Stored items
────────────────────

lemma SUP_height_difference_le:
  assumes "constructible_reeb G" "constructible_reeb H"
    and "\<And>z. z \<in> A \<Longrightarrow> a z \<in> reeb_space G \<and> b z \<in> reeb_space H"
  shows "(SUP z \<in> A. ereal \<bar>reeb_fun G (a z) - reeb_fun H (b z)\<bar>) \<le> ereal (height_bound G + height_bound H)"
proof (rule SUP_least)
  fix z assume "z \<in> A"
  then have "\<bar>reeb_fun G (a z)\<bar> \<le> height_bound G" "\<bar>reeb_fun H (b z)\<bar> \<le> height_bound H"
    using assms abs_reeb_fun_le_height_bound by blast+
  then show "ereal \<bar>reeb_fun G (a z) - reeb_fun H (b z)\<bar> \<le> ereal (height_bound G + height_bound H)"
    by simp
qed

lemma fd_dist_finite_iff:
  assumes G: "constructible_reeb G" and H: "constructible_reeb H"
  shows "fd_dist G H < \<infinity> \<longleftrightarrow>
    (\<exists>\<Phi> \<Psi>. continuous_map (reeb_top G) (reeb_top H) \<Phi> \<and> continuous_map (reeb_top H) (reeb_top G) \<Psi> \<and>
      path_components_agree (reeb_top G) (reeb_top H) (correspondence (reeb_top G) (reeb_top H) \<Phi> \<Psi>))"
    (is "_ \<longleftrightarrow> (\<exists>\<Phi> \<Psi>. ?maps_GH \<Phi> \<and> ?maps_HG \<Psi> \<and> ?agree \<Phi> \<Psi>)")
proof -
  define cost where "cost \<Phi> \<Psi> = max (distortion G H \<Phi> \<Psi>)
     (max (SUP x \<in> topspace (reeb_top G). ereal \<bar>reeb_fun G x - reeb_fun H (\<Phi> x)\<bar>)
          (SUP y \<in> topspace (reeb_top H). ereal \<bar>reeb_fun G (\<Psi> y) - reeb_fun H y\<bar>))" for \<Phi> \<Psi>
  have cost_finite_iff: "cost \<Phi> \<Psi> < \<infinity> \<longleftrightarrow> ?agree \<Phi> \<Psi>" if "?maps_GH \<Phi>" "?maps_HG \<Psi>" for \<Phi> \<Psi>
  proof -
    have "(SUP x \<in> topspace (reeb_top G). ereal \<bar>reeb_fun G x - reeb_fun H (\<Phi> x)\<bar>)
        \<le> ereal (height_bound G + height_bound H)"
      using that SUP_height_difference_le[OF G H, of "topspace (reeb_top G)" "\<lambda>x. x" \<Phi>]
      by (simp add: continuous_map_def topspace_reeb_top[OF G] topspace_reeb_top[OF H] Pi_iff)
    then have heights_GH: "(SUP x \<in> topspace (reeb_top G). ereal \<bar>reeb_fun G x - reeb_fun H (\<Phi> x)\<bar>) < \<infinity>"
      by (rule le_less_trans) simp
    have "(SUP y \<in> topspace (reeb_top H). ereal \<bar>reeb_fun G (\<Psi> y) - reeb_fun H y\<bar>)
        \<le> ereal (height_bound G + height_bound H)"
      using that SUP_height_difference_le[OF G H, of "topspace (reeb_top H)" \<Psi> "\<lambda>y. y"]
      by (simp add: continuous_map_def topspace_reeb_top[OF G] topspace_reeb_top[OF H] Pi_iff)
    then have heights_HG: "(SUP y \<in> topspace (reeb_top H). ereal \<bar>reeb_fun G (\<Psi> y) - reeb_fun H y\<bar>) < \<infinity>"
      by (rule le_less_trans) simp
    show ?thesis
      unfolding cost_def distortion_finite_iff[OF G H, symmetric] using heights_GH heights_HG by (auto simp: max_def)
  qed
  have "fd_dist G H = (INF (\<Phi>, \<Psi>) \<in> {(\<Phi>, \<Psi>). ?maps_GH \<Phi> \<and> ?maps_HG \<Psi>}. cost \<Phi> \<Psi>)"
    by (simp add: fd_dist_def cost_def)
  then have "fd_dist G H < \<infinity> \<longleftrightarrow> (\<exists>(\<Phi>, \<Psi>) \<in> {(\<Phi>, \<Psi>). ?maps_GH \<Phi> \<and> ?maps_HG \<Psi>}. cost \<Phi> \<Psi> < \<infinity>)"
    by (simp only: INF_less_iff) auto
  then show ?thesis
    using cost_finite_iff by auto
qed

theorem mainTheorem14:
  fixes G :: "('v, 'e) rgraph" and H :: "('w, 'd) rgraph"
  assumes "constructible_reeb G" and "constructible_reeb H"
  shows "fd_dist G H = \<infinity> \<longleftrightarrow>
         card (path_components_of (reeb_top G)) \<noteq> card (path_components_of (reeb_top H))"
proof -
  note finite = finite_path_components_of_reeb[OF assms(1)] finite_path_components_of_reeb[OF assms(2)]
  have "fd_dist G H < \<infinity> \<longleftrightarrow>
      card (path_components_of (reeb_top G)) = card (path_components_of (reeb_top H))"
  proof
    assume "fd_dist G H < \<infinity>"
    then obtain \<Phi> \<Psi> where \<Phi>: "continuous_map (reeb_top G) (reeb_top H) \<Phi>"
      and \<Psi>: "continuous_map (reeb_top H) (reeb_top G) \<Psi>"
      and agree: "path_components_agree (reeb_top G) (reeb_top H) (correspondence (reeb_top G) (reeb_top H) \<Phi> \<Psi>)"
      unfolding fd_dist_finite_iff[OF assms] by blast
    show "card (path_components_of (reeb_top G)) = card (path_components_of (reeb_top H))"
      using continuous_map_image_subset_topspace[OF \<Phi>] continuous_map_image_subset_topspace[OF \<Psi>]
      by (intro card_path_components_of_eq_if_agree[OF _ _ agree finite]) blast+
  next
    assume "card (path_components_of (reeb_top G)) = card (path_components_of (reeb_top H))"
    then obtain \<Phi> \<Psi> where "continuous_map (reeb_top G) (reeb_top H) \<Phi>" "continuous_map (reeb_top H) (reeb_top G) \<Psi>"
      "path_components_agree (reeb_top G) (reeb_top H) (correspondence (reeb_top G) (reeb_top H) \<Phi> \<Psi>)"
      by (rule exists_maps_with_agreeing_path_components[OF openin_path_component_of_reeb[OF assms(1)]
          openin_path_component_of_reeb[OF assms(2)] finite])
    then show "fd_dist G H < \<infinity>"
      unfolding fd_dist_finite_iff[OF assms] by blast
  qed
  then show ?thesis
    by simp blast
qed

end
lemma sgn_powr_ratio_le:
  fixes a p x q :: real
  assumes a: "a > -1" "a \<noteq> 0" and pxq: "0 \<le> p" "p \<le> x" "x \<le> q" "p < q"
  shows "sgn a * ((x - p) / (q - p)) powr (a + 1)
       \<le> sgn a * ((x powr (a + 1) - p powr (a + 1)) / (q powr (a + 1) - p powr (a + 1)))"
proof (cases "x = p")
  case False
  then have px: "p < x"
    using pxq by simp
  define h where "h z = (z + 1) powr (a + 1) - z powr (a + 1)" for z
  define L where "L = (x - p) / (q - p)"
  have h_pos: "h z > 0" if "z \<ge> 0" for z
    using that a by (simp add: h_def powr_less_mono2)
  have z: "0 \<le> p / (q - p)" "p / (q - p) \<le> p / (x - p)"
    using pxq px by (auto intro: divide_left_mono)
  have ratio: "(x powr (a + 1) - p powr (a + 1)) / (q powr (a + 1) - p powr (a + 1))
        = L powr (a + 1) * h (p / (x - p)) / h (p / (q - p))"
    using powr_diff_eq_increment[of p x "a + 1"] powr_diff_eq_increment[of p q "a + 1"] pxq px
    by (simp add: h_def L_def powr_divide)
  have "sgn a * h (p / (q - p)) \<le> sgn a * h (p / (x - p))"
    unfolding h_def by (rule sgn_powr_increment_mono[OF a z])
  then have mono: "sgn a * L powr (a + 1) * h (p / (q - p)) \<le> sgn a * L powr (a + 1) * h (p / (x - p))"
    by (metis mult_left_mono powr_ge_zero mult.left_commute mult.assoc)
  have "sgn a * L powr (a + 1) = sgn a * L powr (a + 1) * h (p / (q - p)) / h (p / (q - p))"
    using h_pos[OF z(1)] by simp
  also have "\<dots> \<le> sgn a * L powr (a + 1) * h (p / (x - p)) / h (p / (q - p))"
    by (rule divide_right_mono[OF mono]) (use h_pos[OF z(1)] in simp)
  finally show ?thesis
    unfolding ratio L_def by simp
qed simp

lemma diff_powr_le_of_pos:
  fixes a l :: real
  assumes a: "a > 0" and l: "0 \<le> l"
  shows "l - l powr (a + 1) \<le> a * (a + 1) powr (- 1 / a) / (a + 1)"
proof -
  define b where "b = a + 1"
  have b: "b > 0"
    using a by (simp add: b_def)
  have young: "(b powr (1/b) * l) * b powr (- 1/b)
        \<le> (b powr (1/b) * l) powr b / b + (b powr (- 1/b)) powr (b/a) / (b/a)"
    using a l by (intro Youngs_inequality) (auto simp: b_def field_simps)
  have "(b powr (1/b) * l) * b powr (- 1/b) = l"
    using b by (simp add: powr_add[symmetric])
  moreover have "(b powr (1/b) * l) powr b / b = l powr b"
    using b l by (simp add: powr_mult powr_powr)
  moreover have "(b powr (- 1/b)) powr (b/a) / (b/a) = a * b powr (- 1 / a) / b"
    using b a by (simp add: powr_powr)
  ultimately have "l \<le> l powr b + a * b powr (- 1 / a) / b"
    using young by (simp only:)
  then show ?thesis
    by (simp add: b_def)
qed

lemma powr_diff_le_of_neg:
  fixes a l :: real
  assumes a: "a > -1" "a < 0" and l: "0 \<le> l"
  shows "l powr (a + 1) - l \<le> - a * (a + 1) powr (- 1 / a) / (a + 1)"
proof -
  define b where "b = a + 1"
  have b: "b > 0"
    using a by (simp add: b_def)
  have young: "l powr b * b \<le> (l powr b) powr (1/b) / (1/b) + b powr (- 1/a) / (- 1/a)"
    using a l by (intro Youngs_inequality) (auto simp: b_def field_simps)
  have "(l powr b) powr (1/b) / (1/b) = b * l"
    using b l by (simp add: powr_powr)
  with young have "b * (l powr b - l) \<le> - a * b powr (- 1/a)"
    using a by (simp only:) (simp add: algebra_simps)
  then show ?thesis
    using b by (simp add: b_def field_simps)
qed

text \<open>The bound is the extremal value of \<open>l - l powr (a + 1)\<close>, attained at
  \<open>l = (a + 1) powr (- 1 / a)\<close>.\<close>

lemma sgn_mult_diff_powr_le:
  fixes a l :: real
  assumes a: "a > -1" "a \<noteq> 0" and l: "0 \<le> l"
  shows "sgn a * (l - l powr (a + 1)) \<le> \<bar>a\<bar> / (a + 1) powr ((a + 1) / a)"
proof -
  have "(a + 1) / a = 1 / a + 1"
    using a by (simp add: field_simps)
  then have "(a + 1) powr ((a + 1) / a) = (a + 1) powr (1 / a) * (a + 1)"
    using a by (simp add: powr_add)
  then have bound: "\<bar>a\<bar> / (a + 1) powr ((a + 1) / a) = \<bar>a\<bar> * (a + 1) powr (- 1 / a) / (a + 1)"
    by (simp add: powr_minus_divide)
  show ?thesis
  proof (cases "a > 0")
    case True
    then show ?thesis
      using diff_powr_le_of_pos[OF True l] bound by simp
  next
    case False
    then show ?thesis
      using powr_diff_le_of_neg[OF a(1) _ l] a(2) bound by simp
  qed
qed

lemma powr_div_powr_succ:
  fixes a y d :: real
  assumes "a \<noteq> 0" "y > 0" "d > 0"
  shows "y powr (1 / a) / d powr ((a + 1) / a) = (y / d) powr (1 / a) / d"
proof -
  have "(a + 1) / a = 1 / a + 1"
    using assms(1) by (simp add: field_simps)
  then show ?thesis
    using assms by (simp add: powr_add powr_divide)
qed

section \<open>Relative oscillation\<close>

lemma set_lborel_integral_eq_has_integral:
  fixes f :: "real \<Rightarrow> real"
  assumes meas: "f \<in> borel_measurable borel" and f: "(f has_integral I) {p..q}"
    and nonneg: "\<And>x. x \<in> {p..q} \<Longrightarrow> 0 \<le> f x"
  shows "set_integrable lborel {p..q} f" "(LBINT x:{p..q}. f x) = I"
proof -
  have "set_integrable lebesgue {p..q} f"
    using nonnegative_absolutely_integrable_1[OF has_integral_integrable[OF f] nonneg] .
  moreover have "(\<lambda>x. indicator {p..q} x *\<^sub>R f x) \<in> borel_measurable lborel"
    using meas by measurable
  ultimately show int: "set_integrable lborel {p..q} f"
    unfolding set_integrable_def using integrable_completion by blast
  show "(LBINT x:{p..q}. f x) = I"
    using set_borel_integral_eq_integral(2)[OF int] f by (simp add: integral_unique)
qed

lemma has_integral_abs_sign_split:
  fixes g :: "real \<Rightarrow> real"
  assumes "p \<le> u" "u \<le> v" "v \<le> q" "finite S"
    and I: "(g has_integral I) {p..q}" and J: "(g has_integral J) {u..v}"
    and inner: "\<And>x. x \<in> {u..v} - S \<Longrightarrow> g x \<le> 0"
    and outer: "\<And>x. x \<in> {p..q} - {u..v} - S \<Longrightarrow> 0 \<le> g x"
  shows "((\<lambda>x. \<bar>g x\<bar>) has_integral I - 2 * J) {p..q}"
proof -
  have "((\<lambda>x. if x \<in> {u..v} then g x else 0) has_integral J) {p..q}"
    using J assms(1-3) by (subst has_integral_restrict_Int) (simp add: Int_absorb2)
  then have "((\<lambda>x. g x - 2 * (if x \<in> {u..v} then g x else 0)) has_integral I - 2 * J) {p..q}"
    by (intro has_integral_diff I has_integral_mult_right)
  then show ?thesis
    by (rule has_integral_spike_finite[OF \<open>finite S\<close>, rotated])
       (use inner outer in \<open>force simp: abs_if\<close>)
qed

lemma rel_osc_reflect:
  assumes even: "\<And>x. f (- x) = f x"
  shows "rel_osc f (- q) (- p) = rel_osc f p q"
proof -
  have reflect: "(LBINT x:{-q..-p}. g x) = (LBINT x:{p..q}. g (- x))" for g :: "real \<Rightarrow> real"
  proof -
    have "{x. - x \<in> {-q..-p}} = {p..q}"
      by auto
    then show ?thesis
      by (subst set_integral_reflect) simp
  qed
  have "mean_val f (- q) (- p) = mean_val f p q"
    unfolding mean_val_def reflect even by simp
  moreover have "mean_osc f (- q) (- p) = mean_osc f p q"
    unfolding mean_osc_def reflect even \<open>mean_val f (- q) (- p) = mean_val f p q\<close> by simp
  ultimately show ?thesis
    unfolding rel_osc_def by simp
qed

lemma set_integral_stretch:
  fixes g :: "real \<Rightarrow> real"
  assumes c: "c > 0"
  shows "(LBINT x:{p..q}. g x) = c * (LBINT x:{p/c..q/c}. g (c * x))"
proof -
  have "indicator {p..q} (c * x) = (indicator {p/c..q/c} x :: real)" for x
    using c by (auto simp: indicator_def field_simps)
  then show ?thesis
    unfolding set_lebesgue_integral_def
    using lborel_integral_real_affine[of c "\<lambda>x. indicator {p..q} x *\<^sub>R g x" 0] c by simp
qed

lemma rel_osc_stretch:
  assumes c: "c > 0" and k: "k > 0" and homogeneous: "\<And>x. f (c * x) = k * f x"
  shows "rel_osc f (p/c) (q/c) = rel_osc f p q"
proof -
  define m where "m = mean_val f p q"
  have len: "q/c - p/c = (q - p) / c"
    by (simp add: diff_divide_distrib)
  have mv: "mean_val f (p/c) (q/c) = m / k"
    unfolding m_def mean_val_def set_integral_stretch[OF c, of p q f] homogeneous len
    using c k by simp
  have "\<bar>f (c * x) - m\<bar> = k * \<bar>f x - m / k\<bar>" for x
  proof -
    have "f (c * x) - m = k * (f x - m / k)"
      using k by (simp add: homogeneous field_simps)
    then show ?thesis
      using k by (simp add: abs_mult)
  qed
  then have mo: "mean_osc f (p/c) (q/c) = mean_osc f p q / k"
    unfolding mean_osc_def mv m_def[symmetric]
      set_integral_stretch[OF c, of p q "\<lambda>x. \<bar>f x - m\<bar>"] len
    using c k by simp
  show ?thesis
    unfolding rel_osc_def mo mv m_def using k by simp
qed

lemma rel_osc_le_two:
  fixes f :: "real \<Rightarrow> real"
  assumes f: "set_integrable lborel {p..q} f" and nonneg: "\<And>x. x \<in> {p..q} \<Longrightarrow> 0 \<le> f x"
    and pq: "p < q" and pos: "mean_val f p q > 0"
  shows "rel_osc f p q \<le> 2"
proof -
  define m where "m = mean_val f p q"
  have const: "set_integrable lborel {p..q} (\<lambda>_. m)"
    by (intro borel_integrable_atLeastAtMost' continuous_on_const)
  have "(LBINT x:{p..q}. \<bar>f x - m\<bar>) \<le> (LBINT x:{p..q}. f x + m)"
    using f const nonneg pos
    by (intro set_integral_mono set_integrable_abs set_integral_diff(1) set_integral_add(1))
       (auto simp: m_def abs_le_iff)
  also have "\<dots> = 2 * m * (q - p)"
    using f const pq by (simp add: set_integral_add(2) set_integral_const m_def mean_val_def)
  finally show ?thesis
    using pq pos unfolding rel_osc_def mean_osc_def m_def[symmetric] by (simp add: field_simps)
qed

section \<open>The power function\<close>

lemma f_alpha_minus [simp]: "f_alpha a (- x) = f_alpha a x"
  unfolding f_alpha_def by simp

lemma f_alpha_nonneg: "0 \<le> f_alpha a x"
  unfolding f_alpha_def by simp

lemma f_alpha_mult: "0 < c \<Longrightarrow> f_alpha a (c * x) = c powr a * f_alpha a x"
  unfolding f_alpha_def by (simp add: abs_mult powr_mult)

lemma borel_measurable_f_alpha [measurable]: "f_alpha a \<in> borel_measurable borel"
  unfolding f_alpha_def by measurable

definition f_alpha_primitive :: "real \<Rightarrow> real \<Rightarrow> real" where
  "f_alpha_primitive a x = sgn x * \<bar>x\<bar> powr (a + 1) / (a + 1)"

lemma f_alpha_primitive_nonneg: "0 \<le> x \<Longrightarrow> f_alpha_primitive a x = x powr (a + 1) / (a + 1)"
  unfolding f_alpha_primitive_def by (cases "x = 0") auto

lemma f_alpha_primitive_minus [simp]: "f_alpha_primitive a (- x) = - f_alpha_primitive a x"
  unfolding f_alpha_primitive_def by simp

lemma has_real_derivative_f_alpha_primitive:
  assumes a: "a > -1" and x: "x \<noteq> 0"
  shows "(f_alpha_primitive a has_real_derivative f_alpha a x) (at x)"
proof (cases "x > 0")
  case True
  have "((\<lambda>y. y powr (a + 1) / (a + 1)) has_real_derivative \<bar>x\<bar> powr a) (at x)"
    using a True by (auto intro!: derivative_eq_intros)
  then show ?thesis
    unfolding f_alpha_def
    by (rule has_field_derivative_transform_within_open[where S = "{0<..}"])
       (use True in \<open>auto simp: f_alpha_primitive_nonneg f_alpha_def\<close>)
next
  case False
  with x have neg: "x < 0" by simp
  have "((\<lambda>y. - ((- y) powr (a + 1) / (a + 1))) has_real_derivative \<bar>x\<bar> powr a) (at x)"
    using a neg by (auto intro!: derivative_eq_intros)
  then show ?thesis
    unfolding f_alpha_def
    by (rule has_field_derivative_transform_within_open[where S = "{..<0}"])
       (use neg in \<open>auto simp: f_alpha_primitive_def f_alpha_def\<close>)
qed

lemma continuous_f_alpha_primitive:
  assumes a: "a > -1"
  shows "continuous_on UNIV (f_alpha_primitive a)"
proof (intro continuous_at_imp_continuous_on ballI)
  fix x :: real
  show "isCont (f_alpha_primitive a) x"
  proof (cases "x = 0")
    case True
    have "((\<lambda>y. \<bar>y\<bar> powr (a + 1) / (a + 1)) \<longlongrightarrow> 0) (at 0)"
      using a by (auto intro!: tendsto_eq_intros)
    then have "(f_alpha_primitive a \<longlongrightarrow> 0) (at 0)"
      by (rule Lim_null_comparison[rotated])
         (use a in \<open>auto simp: f_alpha_primitive_def abs_mult abs_sgn_eq\<close>)
    then show ?thesis
      using True by (simp add: isCont_def f_alpha_primitive_def)
  qed (use a in \<open>auto intro: DERIV_isCont has_real_derivative_f_alpha_primitive\<close>)
qed

lemma has_integral_f_alpha:
  assumes a: "a > -1" and "p \<le> q"
  shows "(f_alpha a has_integral f_alpha_primitive a q - f_alpha_primitive a p) {p..q}"
  by (rule fundamental_theorem_of_calculus_strong[where S = "{0}"])
     (use assms in \<open>auto simp: has_real_derivative_iff_has_vector_derivative[symmetric]
       intro: has_real_derivative_f_alpha_primitive continuous_on_subset[OF continuous_f_alpha_primitive]\<close>)

lemma f_alpha_primitive_strict_mono:
  assumes "a > -1"
  shows "strict_mono (f_alpha_primitive a)"
proof (rule strict_monoI)
  fix x y :: real assume "x < y"
  then consider "0 \<le> x" | "y \<le> 0" | "x < 0" "0 < y"
    by linarith
  then show "f_alpha_primitive a x < f_alpha_primitive a y"
  proof cases
    case 1
    then show ?thesis
      using \<open>x < y\<close> assms by (simp add: f_alpha_primitive_nonneg powr_less_mono2 divide_strict_right_mono)
  next
    case 2
    then have "(- y) powr (a + 1) < (- x) powr (a + 1)"
      using \<open>x < y\<close> assms by (intro powr_less_mono2) auto
    then have "(- y) powr (a + 1) / (a + 1) < (- x) powr (a + 1) / (a + 1)"
      using assms by (simp add: divide_strict_right_mono)
    then show ?thesis
      using 2 \<open>x < y\<close> f_alpha_primitive_nonneg[of "- x" a] f_alpha_primitive_nonneg[of "- y" a]
      by simp
  next
    case 3
    then have "- ((- x) powr (a + 1) / (a + 1)) < 0" "0 < y powr (a + 1) / (a + 1)"
      using assms by simp_all
    then show ?thesis
      using 3 f_alpha_primitive_nonneg[of "- x" a] f_alpha_primitive_nonneg[of y a] by simp
  qed
qed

────────────────────

**PROBLEM TO WORK ON**
Show me all lines in the records that contain "section".

**SOLUTION FOR THIS PROBLEM**
section \<open>Relative oscillation\<close>
section \<open>The power function\<close>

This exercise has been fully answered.